(Beginning of Stored data)

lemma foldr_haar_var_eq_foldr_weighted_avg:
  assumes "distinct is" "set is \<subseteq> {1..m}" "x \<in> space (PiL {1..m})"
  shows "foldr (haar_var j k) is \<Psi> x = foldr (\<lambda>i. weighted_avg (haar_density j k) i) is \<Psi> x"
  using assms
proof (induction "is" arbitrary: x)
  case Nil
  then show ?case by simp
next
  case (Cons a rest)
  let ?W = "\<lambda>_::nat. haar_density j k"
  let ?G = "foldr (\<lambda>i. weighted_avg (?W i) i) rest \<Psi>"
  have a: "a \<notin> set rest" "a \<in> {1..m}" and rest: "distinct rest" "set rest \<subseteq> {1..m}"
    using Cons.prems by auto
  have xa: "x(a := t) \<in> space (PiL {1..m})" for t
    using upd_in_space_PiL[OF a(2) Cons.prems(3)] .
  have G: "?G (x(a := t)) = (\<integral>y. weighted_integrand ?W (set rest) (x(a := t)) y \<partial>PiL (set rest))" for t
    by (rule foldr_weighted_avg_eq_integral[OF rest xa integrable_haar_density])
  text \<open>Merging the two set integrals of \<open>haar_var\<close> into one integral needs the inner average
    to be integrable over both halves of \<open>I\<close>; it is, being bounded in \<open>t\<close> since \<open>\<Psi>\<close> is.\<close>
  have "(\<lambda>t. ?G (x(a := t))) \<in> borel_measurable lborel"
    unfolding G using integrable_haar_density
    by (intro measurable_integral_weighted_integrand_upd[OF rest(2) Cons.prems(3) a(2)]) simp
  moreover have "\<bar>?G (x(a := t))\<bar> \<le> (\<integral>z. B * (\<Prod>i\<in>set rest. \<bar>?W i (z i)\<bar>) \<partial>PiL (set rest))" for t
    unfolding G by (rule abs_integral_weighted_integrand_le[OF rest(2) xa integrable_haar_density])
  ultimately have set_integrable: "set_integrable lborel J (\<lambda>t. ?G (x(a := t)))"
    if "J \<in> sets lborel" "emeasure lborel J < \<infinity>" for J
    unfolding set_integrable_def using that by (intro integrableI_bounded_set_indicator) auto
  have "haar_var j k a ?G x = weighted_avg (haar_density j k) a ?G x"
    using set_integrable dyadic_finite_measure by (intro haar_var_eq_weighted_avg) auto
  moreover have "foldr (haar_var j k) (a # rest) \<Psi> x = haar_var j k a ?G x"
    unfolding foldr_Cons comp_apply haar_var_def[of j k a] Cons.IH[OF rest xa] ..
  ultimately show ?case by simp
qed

(End of Stored data)

> [What is being asked]:
No line before the one with "x = weighted_avg" belongs in the answer; copy that line and the rest of the records exactly.

> [Expected output]:
  have "haar_var j k a ?G x = weighted_avg (haar_density j k) a ?G x"
    using set_integrable dyadic_finite_measure by (intro haar_var_eq_weighted_avg) auto
  moreover have "foldr (haar_var j k) (a # rest) \<Psi> x = haar_var j k a ?G x"
    unfolding foldr_Cons comp_apply haar_var_def[of j k a] Cons.IH[OF rest xa] ..
  ultimately show ?case by simp
qed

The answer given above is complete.